Next Level Western Blot Duplicate Detection

Western Blots are among the most difficult scientific images to analyse for duplication. They often lack distinctive texture or structure, and many look strikingly similar to one another, which can result in a high false positive rate. Our current detection system performs well, but feedback from researchers and editors showed us that some especially challenging cases were slipping through.

Over the past months, our team has been building a stronger system designed specifically to handle these edge cases, and the results are a major step forward.

How We Improved Western Blot Detection

To improve detection, we analysed thousands of Western Blot duplicates identified on PubPeer. These real-world cases helped us understand recurring patterns and highlighted situations where conventional algorithms struggled.

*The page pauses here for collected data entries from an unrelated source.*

lemma sublinear_neg_Sup_convex_cone:
  fixes K :: "('a::real_vector \<times> real) set"
  assumes "convex K" and "cone K" and onto: "fst ` K = UNIV"
    and nonpos: "\<And>v. (0, v) \<in> K \<Longrightarrow> v \<le> 0"
  shows "sublinear (\<lambda>z. - Sup {v. (z, v) \<in> K})"
proof -
  define s where "s z = Sup {v. (z, v) \<in> K}" for z
  have scale: "(c *\<^sub>R z, c * v) \<in> K" if "(z, v) \<in> K" "c \<ge> 0" for z v c
    using that assms(2) by (fastforce simp: cone_def)
  have nonempty: "{v. (z, v) \<in> K} \<noteq> {}" for z
    using onto by (metis (mono_tags, lifting) UNIV_I empty_Collect_eq fst_conv image_iff prod.collapse)
  have upper: "v \<le> s z" if "(z, v) \<in> K" for z v
    unfolding s_def using that bdd_above_convex_cone_fibre[OF assms] by (intro cSup_upper) auto
  have least: "s z \<le> c" if "\<And>v. (z, v) \<in> K \<Longrightarrow> v \<le> c" for z c
    unfolding s_def using nonempty that by (intro cSup_least) auto
  have superadditive: "s z1 + s z2 \<le> s (z1 + z2)" for z1 z2
  proof -
    have "v1 + v2 \<le> s (z1 + z2)" if "(z1, v1) \<in> K" "(z2, v2) \<in> K" for v1 v2
      using upper[OF convex_cone_add_pair[OF assms(1,2) that]] .
    then have "s z1 + v2 \<le> s (z1 + z2)" if "(z2, v2) \<in> K" for v2
      using least[of z1 "s (z1 + z2) - v2"] that by (simp add: le_diff_eq)
    then show ?thesis
      using least[of z2 "s (z1 + z2) - s z1"] by (simp add: le_diff_eq add.commute)
  qed
  have homogeneous_le: "t * s z \<le> s (t *\<^sub>R z)" if "t > 0" for t z
  proof -
    have "v \<le> s (t *\<^sub>R z) / t" if "(z, v) \<in> K" for v
      using upper[OF scale[OF that, of t]] \<open>t > 0\<close> by (simp add: le_divide_eq mult.commute)
    then show ?thesis
      using least[of z "s (t *\<^sub>R z) / t"] \<open>t > 0\<close> by (simp add: le_divide_eq mult.commute)
  qed
  have "s (t *\<^sub>R z) = t * s z" if "t > 0" for t z
    using homogeneous_le[OF that, of z] homogeneous_le[of "1 / t" "t *\<^sub>R z"] that
    by (simp add: field_simps)
  then show ?thesis
    using superadditive unfolding sublinear_def s_def[symmetric] by (simp add: algebra_simps)
qed

theorem linear_majorant_of_convex_cone:
  fixes K :: "('a::real_vector \<times> real) set"
  assumes "convex K" and "cone K" and "fst ` K = UNIV"
    and "\<And>v. (0, v) \<in> K \<Longrightarrow> v \<le> 0"
  obtains g where "linear g" and "\<And>z v. (z, v) \<in> K \<Longrightarrow> v \<le> g z"
proof -
  obtain L where L: "linear L" "\<And>z. L z \<le> - Sup {v. (z, v) \<in> K}"
    using hahn_banach_sublinear[OF sublinear_neg_Sup_convex_cone[OF assms]] by blast
  have "v \<le> - L z" if "(z, v) \<in> K" for z v
  proof -
    have "v \<le> Sup {v. (z, v) \<in> K}"
      using that bdd_above_convex_cone_fibre[OF assms] by (intro cSup_upper) auto
    then show ?thesis
      using L(2)[of z] by simp
  qed
  moreover have "linear (\<lambda>z. - L z)"
    using L(1) by (rule linear_compose_neg)
  ultimately show thesis
    using that by blast
qed

lemma convex_differences_with_values:
  fixes f :: "'a::real_vector \<Rightarrow> 'b::real_vector"
  assumes "convex S" and "convex T" and "linear f"
  shows "convex {(a - b, f (a - c)) | a b. a \<in> S \<and> b \<in> T}"
proof (rule convexI)
  fix u v :: real and p q
  assume "p \<in> {(a - b, f (a - c)) | a b. a \<in> S \<and> b \<in> T}" "q \<in> {(a - b, f (a - c)) | a b. a \<in> S \<and> b \<in> T}"
    and uv: "0 \<le> u" "0 \<le> v" "u + v = 1"
  then obtain a1 b1 a2 b2 where ab: "a1 \<in> S" "b1 \<in> T" "a2 \<in> S" "b2 \<in> T"
    and pq: "p = (a1 - b1, f (a1 - c))" "q = (a2 - b2, f (a2 - c))"
    by blast
  define a where "a = u *\<^sub>R a1 + v *\<^sub>R a2"
  define b where "b = u *\<^sub>R b1 + v *\<^sub>R b2"
  have "a \<in> S" "b \<in> T"
    unfolding a_def b_def using ab uv assms(1,2) by (auto intro: convexD)
  moreover have "u *\<^sub>R (a1 - b1) + v *\<^sub>R (a2 - b2) = a - b"
    by (simp add: a_def b_def algebra_simps)
  moreover have "u *\<^sub>R (a1 - c) + v *\<^sub>R (a2 - c) = a - c"
    using uv by (simp add: a_def algebra_simps flip: scaleR_add_left)
  ultimately have "u *\<^sub>R p + v *\<^sub>R q = (a - b, f (a - c))"
    using pq linear_add[OF assms(3)] linear_scale[OF assms(3)] by (metis scaleR_Pair add_Pair)
  then show "u *\<^sub>R p + v *\<^sub>R q \<in> {(a - b, f (a - c)) | a b. a \<in> S \<and> b \<in> T}"
    using \<open>a \<in> S\<close> \<open>b \<in> T\<close> by blast
qed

From this foundation, we worked closely with research integrity experts to assemble a large, curated dataset of Western Blot duplicates. This became the basis for training a new machine learning model, purpose-built for this image type.

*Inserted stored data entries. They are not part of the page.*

(* Let $a$ and $b$ be coprime integers and let $\ell\in G_{(a,b)}$ with $\ell\notin\{1,2\}$. Then all elements of $\mathcal{K}_{(a,b)}(\ell)$ have the same parity.
   Context: For integers $x,y$, $G_{(x,y)}$ is the set of positive integers $n$ such that $n\mid(x^k+y^k)$ for some positive integer $k$; for such $n$, $\mathcal{K}_{(x,y)}(n)=\{k\text{ positive integer}: n\mid(x^k+y^k)\}$. *)

theory Defs
  imports Main
begin

definition G :: "int \<Rightarrow> int \<Rightarrow> nat set" where
  "G x y = {n. n > 0 \<and> (\<exists>k::nat. k > 0 \<and> int n dvd (x ^ k + y ^ k))}"

definition K :: "int \<Rightarrow> int \<Rightarrow> nat \<Rightarrow> nat set" where
  "K x y n = {k. k > 0 \<and> int n dvd (x ^ k + y ^ k)}"

end

theory Submission
  imports Defs "HOL-Number_Theory.Cong"
begin

(* If l divides a^j + b^j with j odd and a^k + b^k with k even, then raising the two
   congruences a^j = -b^j and a^k = -b^k to the powers k and j gives a^(jk) = b^(jk) and
   a^(jk) = -b^(jk) mod l, so l divides 2 b^(jk). Since any common divisor of l and b also
   divides a^j, coprimality of a and b makes l coprime to b, hence l divides 2. *)

lemma dvd_two_mul_power_if_power_sums_of_opposite_parity:
  fixes a b n :: int
  assumes odd_sum: "n dvd a ^ j + b ^ j" "odd j"
    and even_sum: "n dvd a ^ k + b ^ k" "even k"
  shows "n dvd 2 * b ^ (j * k)"
proof -
  have "[(a ^ j) ^ k = (- (b ^ j)) ^ k] (mod n)"
    using odd_sum(1) by (intro cong_pow) (simp add: cong_iff_dvd_diff)
  then have pow_eq: "[a ^ (j * k) = b ^ (j * k)] (mod n)"
    using even_sum(2) by (simp add: power_mult)
  have "[(a ^ k) ^ j = (- (b ^ k)) ^ j] (mod n)"
    using even_sum(1) by (intro cong_pow) (simp add: cong_iff_dvd_diff)
  then have pow_eq_neg: "[a ^ (j * k) = - (b ^ (j * k))] (mod n)"
    using odd_sum(2) by (simp add: power_mult[symmetric] mult.commute)
  have "[b ^ (j * k) = - (b ^ (j * k))] (mod n)"
    using pow_eq pow_eq_neg by (meson cong_sym cong_trans)
  then show ?thesis
    by (simp add: cong_iff_dvd_diff)
qed

lemma coprime_if_dvd_power_sum:
  fixes a b n :: int
  assumes "coprime a b" "k > 0" "n dvd a ^ k + b ^ k"
  shows "coprime n b"
proof (rule coprimeI)
  fix d assume d_n: "d dvd n" and d_b: "d dvd b"
  have "d dvd b ^ k"
    using d_b \<open>k > 0\<close> by (simp add: dvd_power dvd_trans[OF d_b])
  moreover have "d dvd a ^ k + b ^ k"
    using d_n assms(3) by (rule dvd_trans)
  ultimately have "d dvd a ^ k"
    by (simp add: dvd_add_left_iff)
  then show "is_unit d"
    using d_b \<open>coprime a b\<close> by (meson coprime_common_divisor coprime_power_left_iff)
qed

lemma dvd_two_if_power_sums_of_opposite_parity:
  fixes a b n :: int
  assumes "coprime a b"
    and "j > 0" "n dvd a ^ j + b ^ j" "odd j"
    and "n dvd a ^ k + b ^ k" "even k"
  shows "n dvd 2"
proof -
  have "coprime n (b ^ (j * k))"
    using coprime_if_dvd_power_sum[OF assms(1-3)] by simp
  moreover have "n dvd 2 * b ^ (j * k)"
    using assms(3-6) by (rule dvd_two_mul_power_if_power_sums_of_opposite_parity)
  ultimately show ?thesis
    by (simp add: coprime_dvd_mult_left_iff)
qed

theorem lemma2p12:
  fixes a b :: int and l :: nat
  assumes "coprime a b"
    and "l \<in> G a b"
    and "l \<notin> {1, 2}"
  shows "\<forall>k1 \<in> K a b l. \<forall>k2 \<in> K a b l. even k1 \<longleftrightarrow> even k2"
proof -
  have "\<not> int l dvd 2"
  proof
    assume "int l dvd 2"
    then have "l dvd 2" by presburger
    moreover have "l > 0" using assms(2) by (simp add: G_def)
    ultimately show False
      using assms(3) dvd_imp_le[of l 2] by auto
  qed
  then have "\<not> (odd j \<and> even k)" if "j \<in> K a b l" "k \<in> K a b l" for j k
    using that dvd_two_if_power_sums_of_opposite_parity[OF assms(1), of j "int l" k]
    by (auto simp: K_def)
  then show ?thesis by blast
qed

end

Key advances in the new system include:

  • Specialised training corpus
    Thousands of confirmed duplicates curated with expert input
  • Next-generation detection model
    Optimised to capture subtle similarities that generic approaches miss
  • Robustness to transformations
    Tested against common transformations such as rotation, scaling, contrast or colour shifts, quality loss, and flipping. These are all areas where the new model shows far stronger performance

What This Means for Users

With this release, duplicate detection between Western blot images has become substantially more accurate, achieving 90% accuracy on 443 verified duplicates collected from PubPeer. Many of the most challenging cases that previously went undetected are now flagged correctly. This reduces the risk of false negatives while giving researchers, editors, and institutions greater confidence in their results.

To demonstrate the impact of this upgrade, we tested the new model against some of the most difficult Western Blot cases shared by researchers and editors, some examples below: 

This means researchers, editors, and institutions can work with greater confidence that duplications will be caught, even in the toughest cases.

Looking Ahead

What we developed is not just a model for Western Blots. We have created a new duplicate detection technology that can be adapted to other use cases. Next, we will extend from duplicate detection between Western Blot images to duplicate detection within single Western Blot subimages. Then, over the coming months, we will roll out the new technology to flow cytometry images, microscopy images, and graphs, strengthening duplicate detection across an even broader range of figures.

By listening to feedback and analyzing real-world cases, we are building ever-stronger tools to support the research community. Western Blot detection is just the latest step in this process, and more improvements are already on the way.